### Task prompt
When a line in the records contains the string "unfolding", copy that line.

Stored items
lemma poly_funs_subst_sum:
  assumes "p \<in> poly_funs (insert a D)" "finite J" "J \<subseteq> D"
  shows "(\<lambda>\<delta>. p (\<delta>(a := \<Sum>j\<in>J. c j *s \<delta> j))) \<in> poly_funs D"
  using assms(1)
proof (induction rule: poly_funs.induct)
  case (const b)
  then show ?case by (rule poly_funs.const)
next
  case (coord e i)
  show ?case
  proof (cases "e = a")
    case True
    have "(\<lambda>\<delta>. c j * \<delta> j $ i) \<in> poly_funs D" if "j \<in> J" for j
      using that assms(3) by (intro poly_funs.mult[OF poly_funs.const poly_funs.coord]) auto
    then have "(\<lambda>\<delta>. \<Sum>j\<in>J. c j * \<delta> j $ i) \<in> poly_funs D"
      by (rule poly_funs_sum[OF assms(2)])
    with True show ?thesis by simp
  next
    case False
    with coord have "e \<in> D" by simp
    with False show ?thesis using poly_funs.coord[of e D i] by simp
  qed
next
  case (add p q)
  then show ?case using poly_funs.add by blast
next
  case (mult p q)
  then show ?case using poly_funs.mult by blast
qed

lemma poly_funs_on_line:
  assumes "p \<in> poly_funs E"
  shows "\<exists>P. \<forall>t. p (\<lambda>e. \<gamma> e + t *s \<eta> e) = poly P t"
  using assms
proof (induction rule: poly_funs.induct)
  case (const c)
  show ?case by (intro exI[of _ "[:c:]"]) simp
next
  case (coord e i)
  show ?case by (intro exI[of _ "[:\<gamma> e $ i, \<eta> e $ i:]"]) (simp add: algebra_simps)
next
  case (add p q)
  then obtain P Q where "\<forall>t. p (\<lambda>e. \<gamma> e + t *s \<eta> e) = poly P t"
    and "\<forall>t. q (\<lambda>e. \<gamma> e + t *s \<eta> e) = poly Q t" by blast
  then show ?case by (intro exI[of _ "P + Q"]) simp
next
  case (mult p q)
  then obtain P Q where "\<forall>t. p (\<lambda>e. \<gamma> e + t *s \<eta> e) = poly P t"
    and "\<forall>t. q (\<lambda>e. \<gamma> e + t *s \<eta> e) = poly Q t" by blast
  then show ?case by (intro exI[of _ "P * Q"]) simp
qed

lemma poly_funs_vanish_on_line:
  assumes "p \<in> poly_funs E" "finite X" "\<And>t. t \<notin> X \<Longrightarrow> p (\<lambda>e. \<gamma> e + t *s \<eta> e) = 0"
  shows "p \<gamma> = 0"
proof -
  obtain P where P: "\<And>t. p (\<lambda>e. \<gamma> e + t *s \<eta> e) = poly P t"
    using poly_funs_on_line[OF assms(1)] by blast
  have "P = 0"
  proof (rule ccontr)
    assume "P \<noteq> 0"
    then have "finite (X \<union> {t. poly P t = 0})"
      using assms(2) poly_roots_finite by blast
    moreover have "X \<union> {t. poly P t = 0} = UNIV"
      using assms(3) P by auto
    ultimately show False
      using infinite_UNIV_char_0 by auto
  qed
  then show ?thesis
    using P[of 0] by simp
qed

lemma zariski_closure_poly_vanish:
  assumes "\<gamma> \<in> zariski_closure E S" "S \<subseteq> config_space E" "p \<in> poly_funs E" "\<forall>g\<in>S. p g = 0"
  shows "p \<gamma> = 0"
proof -
  have "zariski_closed E {g \<in> config_space E. p g = 0}"
    unfolding zariski_closed_def using assms(3) by (intro exI[of _ "{p}"]) auto
  moreover have "S \<subseteq> {g \<in> config_space E. p g = 0}"
    using assms(2,4) by blast
  ultimately show ?thesis
    using assms(1) unfolding zariski_closure_def by blast
qed

lemma zariski_closureI:
  assumes "\<gamma> \<in> config_space E" "\<And>p. p \<in> poly_funs E \<Longrightarrow> \<forall>g\<in>S. p g = 0 \<Longrightarrow> p \<gamma> = 0"
  shows "\<gamma> \<in> zariski_closure E S"
  unfolding zariski_closure_def
proof (intro InterI, clarify)
  fix Z assume Z: "zariski_closed E Z" "S \<subseteq> Z"
  then obtain P where P: "P \<subseteq> poly_funs E" and Z_eq: "Z = {g \<in> config_space E. \<forall>p\<in>P. p g = 0}"
    unfolding zariski_closed_def by blast
  have "p \<gamma> = 0" if "p \<in> P" for p
  proof (rule assms(2))
    show "p \<in> poly_funs E"
      using P that by blast
    show "\<forall>g\<in>S. p g = 0"
      using Z(2) that unfolding Z_eq by blast
  qed
  with assms(1) show "\<gamma> \<in> Z"
    unfolding Z_eq by blast
qed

### Completed exercise
    unfolding zariski_closed_def using assms(3) by (intro exI[of _ "{p}"]) auto
    using assms(1) unfolding zariski_closure_def by blast
  unfolding zariski_closure_def
    unfolding zariski_closed_def by blast
      using Z(2) that unfolding Z_eq by blast
    unfolding Z_eq by blast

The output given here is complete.